Bubble burst? Isolate for a while
Mertz says Canadians should already be planning for upcoming gatherings like Thanksgiving.
If outside-the-bubble family members want to celebrate together, find ways to do it safely, he says, by meeting outdoors and staying apart as much as possible. Otherwise, you're blending several household bubbles together and upping the risk for everyone.
And if you do throw caution to the wind for a turkey feast, there's another approach: Isolate yourself as much as possible for two weeks after the gathering.
"That would give us downtime, so in case someone got infected, you are not spreading it from that gathering into each individual bubble," Mertz said.

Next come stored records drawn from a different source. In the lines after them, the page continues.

text \<open>For P << Q it is the integral of log(dP/dQ) w.r.t. P,
understood as (positive part) - (negative part).\<close>
definition rel_entropy :: "'a measure \<Rightarrow> 'a measure \<Rightarrow> ereal" where
  "rel_entropy P Q =
     (if sets P = sets Q \<and> absolutely_continuous Q P then
        enn2ereal (\<integral>\<^sup>+ x. ennreal (ln (enn2real (RN_deriv Q P x))) \<partial>P)
        - enn2ereal (\<integral>\<^sup>+ x. ennreal (- ln (enn2real (RN_deriv Q P x))) \<partial>P)
      else \<infinity>)"

text \<open>H(P|Ms) = inf over Q in Ms of H(P|Q) (= +oo for empty Ms).\<close>
definition rel_entropy_set :: "'a measure \<Rightarrow> 'a measure set \<Rightarrow> ereal" where
  "rel_entropy_set P Ms = (INF Q\<in>Ms. rel_entropy P Q)"

definition model :: "'a measure \<Rightarrow> ('t \<Rightarrow> 'a \<Rightarrow> real) \<Rightarrow> 't \<Rightarrow> 'a measure" where
  "model \<mu> ell \<theta> = density \<mu> (\<lambda>z. ennreal (exp (ell \<theta> z)))"

definition model_class :: "'a measure \<Rightarrow> ('t \<Rightarrow> 'a \<Rightarrow> real) \<Rightarrow> 't set \<Rightarrow> 'a measure set" where
  "model_class \<mu> ell \<Theta> = model \<mu> ell ` \<Theta>"

definition weak_conv :: "(nat \<Rightarrow> 'a::topological_space measure) \<Rightarrow> 'a measure \<Rightarrow> bool" where
  "weak_conv Ps P \<longleftrightarrow> (\<forall>f. continuous_on UNIV f \<and> bounded (range f) \<longrightarrow>
       (\<lambda>n. \<integral>z. (f z::real) \<partial>(Ps n)) \<longlonglongrightarrow> (\<integral>z. f z \<partial>P))"

text \<open>Weak compactness of a set of probability measures on a Polish space (the weak topology
is metrizable there, so this is sequential compactness).\<close>
definition weakly_compact :: "'a::topological_space measure set \<Rightarrow> bool" where
  "weakly_compact Ms \<longleftrightarrow> (\<forall>Ps. (\<forall>n. Ps n \<in> Ms) \<longrightarrow>
       (\<exists>(r::nat \<Rightarrow> nat) P. strict_mono r \<and> P \<in> Ms \<and> weak_conv (Ps \<circ> r) P))"

definition tau :: "real \<Rightarrow> real" where
  "tau s = exp \<bar>s\<bar> - \<bar>s\<bar> - 1"

definition orlicz :: "'a measure \<Rightarrow> ('a \<Rightarrow> real) set" where
  "orlicz P = {f. f \<in> borel_measurable P \<and>
      (\<exists>a>0. (\<integral>\<^sup>+ z. ennreal (tau (f z / a)) \<partial>P) < \<infinity>)}"

definition orlicz_norm :: "'a measure \<Rightarrow> ('a \<Rightarrow> real) \<Rightarrow> real" where
  "orlicz_norm P f = Inf {a. a > 0 \<and> (\<integral>\<^sup>+ z. ennreal (tau (f z / a)) \<partial>P) \<le> 1}"

text \<open>Two functionals agreeing on L_tau(P) are the same element;
values outside L_tau(P) are irrelevant.\<close>
definition orlicz_dual :: "'a measure \<Rightarrow> (('a \<Rightarrow> real) \<Rightarrow> real) set" where
  "orlicz_dual P = {Q.
      (\<forall>f\<in>orlicz P. \<forall>g\<in>orlicz P. \<forall>a b. Q (\<lambda>z. a * f z + b * g z) = a * Q f + b * Q g) \<and>
      (\<exists>C. \<forall>f\<in>orlicz P. \<bar>Q f\<bar> \<le> C * orlicz_norm P f)}"

text \<open>Empirical measures p^{-1} sum delta_{z_i}, viewed as functionals.\<close>
definition empirical :: "(('a \<Rightarrow> real) \<Rightarrow> real) set" where
  "empirical = {Q. \<exists>(p::nat) zs. p \<ge> 1 \<and> Q = (\<lambda>f. (\<Sum>i<p. f (zs i)) / real p)}"

definition Qset :: "'a measure \<Rightarrow> (('a \<Rightarrow> real) \<Rightarrow> real) set" where
  "Qset P = {Q \<in> orlicz_dual P.
               (\<forall>f\<in>orlicz P. (AE z in P. f z \<ge> 0) \<longrightarrow> Q f \<ge> 0) \<and> Q (\<lambda>_. 1) = 1}
            \<union> empirical"

definition int_fun :: "'a measure \<Rightarrow> ('a \<Rightarrow> real) \<Rightarrow> real" where
  "int_fun P = (\<lambda>f. \<integral>z. f z \<partial>P)"

definition sup_ll :: "(('a \<Rightarrow> real) \<Rightarrow> real) \<Rightarrow> ('t \<Rightarrow> 'a \<Rightarrow> real) \<Rightarrow> 't set \<Rightarrow> ereal" where
  "sup_ll Q ell \<Theta> = (SUP \<theta>\<in>\<Theta>. ereal (Q (ell \<theta>)))"

text \<open>Lambda_{alpha,K} and Gamma_{alpha,K}.  The condition
  sup_{Theta_K} Q ell - sup_{Theta_{K'}} Q ell >= -alpha  is written
  sup_{Theta_{K'}} Q ell <= sup_{Theta_K} Q ell + alpha  (extended reals).\<close>
definition Lambda_set :: "'a measure \<Rightarrow> (nat \<Rightarrow> 't set) \<Rightarrow> ('t \<Rightarrow> 'a \<Rightarrow> real) \<Rightarrow> real \<Rightarrow> nat
     \<Rightarrow> (('a \<Rightarrow> real) \<Rightarrow> real) set" where
  "Lambda_set P \<Theta> ell \<alpha> K =
     {Q \<in> Qset P. sup_ll Q ell (\<Theta> (Suc K)) \<le> sup_ll Q ell (\<Theta> K) + ereal \<alpha>}"

definition Gamma_set :: "'a measure \<Rightarrow> (nat \<Rightarrow> 't set) \<Rightarrow> ('t \<Rightarrow> 'a \<Rightarrow> real) \<Rightarrow> nat \<Rightarrow> real \<Rightarrow> nat
     \<Rightarrow> (('a \<Rightarrow> real) \<Rightarrow> real) set" where
  "Gamma_set P \<Theta> ell Ks \<alpha> K =
     {Q \<in> Qset P. sup_ll Q ell (\<Theta> Ks) \<le> sup_ll Q ell (\<Theta> K) + ereal \<alpha>}"

end

theory Submission
  imports Defs
begin

(*
  For theta in Theta_oo let g = exp (ell theta - ell star) be the density of P_theta w.r.t. P star.
  Young's inequality x e^t <= e^x + e^t max 0 t, applied with e^t = g and x = |f| / a, bounds
  |int g f dP star| by (4 + int g log+ g dP star) ||f||_tau, and int g log+ g dP star is finite
  because H(P_theta|P star) is. So f |-> int f dP_theta belongs to Q, and by Gibbs' inequality
  P_theta ell theta' <= P_theta ell theta it attains its supremum over all of Theta_oo at theta,
  which gives the inequalities defining Lambda_{0,K} and Gamma_{0,K} when theta is in Theta_K.

  On the other side, (A3) makes ell star - ell theta integrable under P star, so
  H(P star|P_theta) = P star ell star - P star ell theta and
  H(P star|Pi_K) = P star ell star - sup_{Theta_K} P star ell theta. Below K star the strict
  decrease of H(P star|Pi_K) is thus a strict increase of sup_{Theta_K} P star ell theta from
  K to K + 1, which violates both defining inequalities.
*)

lemma young_exp:
  fixes x t :: real
  assumes "0 \<le> x"
  shows "x * exp t \<le> exp x + exp t * max 0 t"
proof -
  have "exp t * (1 + (x - t)) \<le> exp t * exp (x - t)"
    using exp_ge_add_one_self[of "x - t"] by (intro mult_left_mono) auto
  also have "\<dots> = exp x"
    by (simp add: exp_add[symmetric])
  finally have "x * exp t \<le> exp x + exp t * t - exp t"
    by (simp add: algebra_simps)
  moreover have "exp t * t \<le> exp t * max 0 t"
    by (intro mult_left_mono) auto
  ultimately show ?thesis
    using exp_gt_zero[of t] by linarith
qed

lemma mult_exp_minus_le_1:
  fixes t :: real
  shows "t * exp (- t) \<le> 1"
proof -
  have "t \<le> exp t"
    using exp_ge_add_one_self[of t] by linarith
  hence "t * exp (- t) \<le> exp t * exp (- t)"
    by (intro mult_right_mono) auto
  thus ?thesis
    by (simp add: exp_add[symmetric])
qed

lemma tau_nonneg: "0 \<le> tau s"
  unfolding tau_def using exp_ge_add_one_self[of "\<bar>s\<bar>"] by linarith

lemma exp_abs_le_tau: "exp \<bar>s\<bar> \<le> 2 * tau s + 2"
proof -
  have "exp 1 * \<bar>s\<bar> \<le> exp 1 * exp (\<bar>s\<bar> - 1)"
    using exp_ge_add_one_self[of "\<bar>s\<bar> - 1"] by (intro mult_left_mono) auto
  also have "\<dots> = exp \<bar>s\<bar>"
    by (simp add: exp_add[symmetric])
  finally have "exp 1 * \<bar>s\<bar> \<le> exp \<bar>s\<bar>" .
  moreover have "2 \<le> exp (1::real)"
    using exp_ge_add_one_self[of 1] by simp
  ultimately have "2 * \<bar>s\<bar> \<le> exp \<bar>s\<bar>"
    by (meson abs_ge_zero mult_right_mono order_trans)
  thus ?thesis
    unfolding tau_def by simp
qed

lemma tau_mult_le:
  assumes "0 \<le> c" "c \<le> 1"
  shows "tau (c * s) \<le> c * tau s"
proof -
  have "exp ((1 - c) * 0 + c * \<bar>s\<bar>) \<le> (1 - c) * exp 0 + c * exp \<bar>s\<bar>"
    using convex_onD[OF exp_convex, of c 0 "\<bar>s\<bar>"] assms by simp
  thus ?thesis
    unfolding tau_def using assms by (simp add: abs_mult algebra_simps)
qed

lemma abs_mult_le_tau:
  fixes g x a :: real
  assumes "0 < g" "0 < a"
  shows "\<bar>g * x\<bar> \<le> a * (2 * tau (x / a) + 2 + g * max 0 (ln g))"
proof -
  have "(\<bar>x\<bar> / a) * g \<le> exp \<bar>x / a\<bar> + g * max 0 (ln g)"
    using young_exp[of "\<bar>x\<bar> / a" "ln g"] assms by simp
  also have "exp \<bar>x / a\<bar> \<le> 2 * tau (x / a) + 2"
    by (rule exp_abs_le_tau)
  finally have "a * ((\<bar>x\<bar> / a) * g) \<le> a * (2 * tau (x / a) + 2 + g * max 0 (ln g))"
    using assms by (intro mult_left_mono) auto
  thus ?thesis
    using assms by (simp add: abs_mult mult.commute)
qed

lemma integrable_tau_div:
  assumes "f \<in> borel_measurable M" "(\<integral>\<^sup>+ z. ennreal (tau (f z / a)) \<partial>M) < \<infinity>"
  shows "integrable M (\<lambda>z. tau (f z / a))"
proof (rule integrableI_bounded)
  show "(\<lambda>z. tau (f z / a)) \<in> borel_measurable M"
    using assms(1) unfolding tau_def by measurable
qed (use assms(2) in \<open>simp add: tau_nonneg\<close>)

The various experts who spoke with CBC News acknowledged the challenges in sticking to even the safest bubbling plan, with peer pressure, slip-ups, and our innate desire for human connection all potential obstacles.
For that reason, Dr. Andrew Morris, an infectious disease specialist with the Sinai Health System and University Health Network in Toronto, stresses the onus shouldn't just be on individuals to reduce transmission.
From a system-wide perspective, he says, provincial governments need to ensure every piece of the pandemic plan is adequately resourced: testing capacity, contact tracing, personal protective equipment and hospital staff.
"If you can't test people who are symptomatic, then you can't contact trace ... and you can't identify people who are about to become symptomatic and are unknowingly and unwittingly spreading the disease," he said.
Ontario gathering sizes reduced
Ontario officials say they're working to increase testing capacity amid hours-long lineups in multiple cities, including Ottawa and Toronto.
The province is also lowering the maximum size limit for private gatherings — things like backyard barbecues or dinner parties, with precautions in place among people in different social circles — in some regions.
The new limits will be 10 people indoors and 25 people outdoors, with hefty fines of $10,000 or more for organizers who flout the rules.
Deonandan calls that the "single best policy intervention" for controlling the spread of COVID-19, given the growing body of research showing large gatherings can be hot spots for virus transmission.
"Mask wearing, that's important. Distancing, that's important, too," he said. "But time and time again we see explosions of cases in otherwise controlled areas ... driven by these super-spreading events."
Even smaller gatherings can fuel the virus's spread, like infections after a family outing documented in Toronto, and a 10-person cottage trip — which would still meet the province's new rules — that led to 40 new cases in Ottawa.
It's not clear if anyone involved in those gatherings was bubbling together, and Mertz stresses in all situations, the same safety precautions apply.
"Whether you continue with the bubble concept or not, it comes down to the less people gathering, the more time you can spend outside, the more you can spread out — the lower the risk."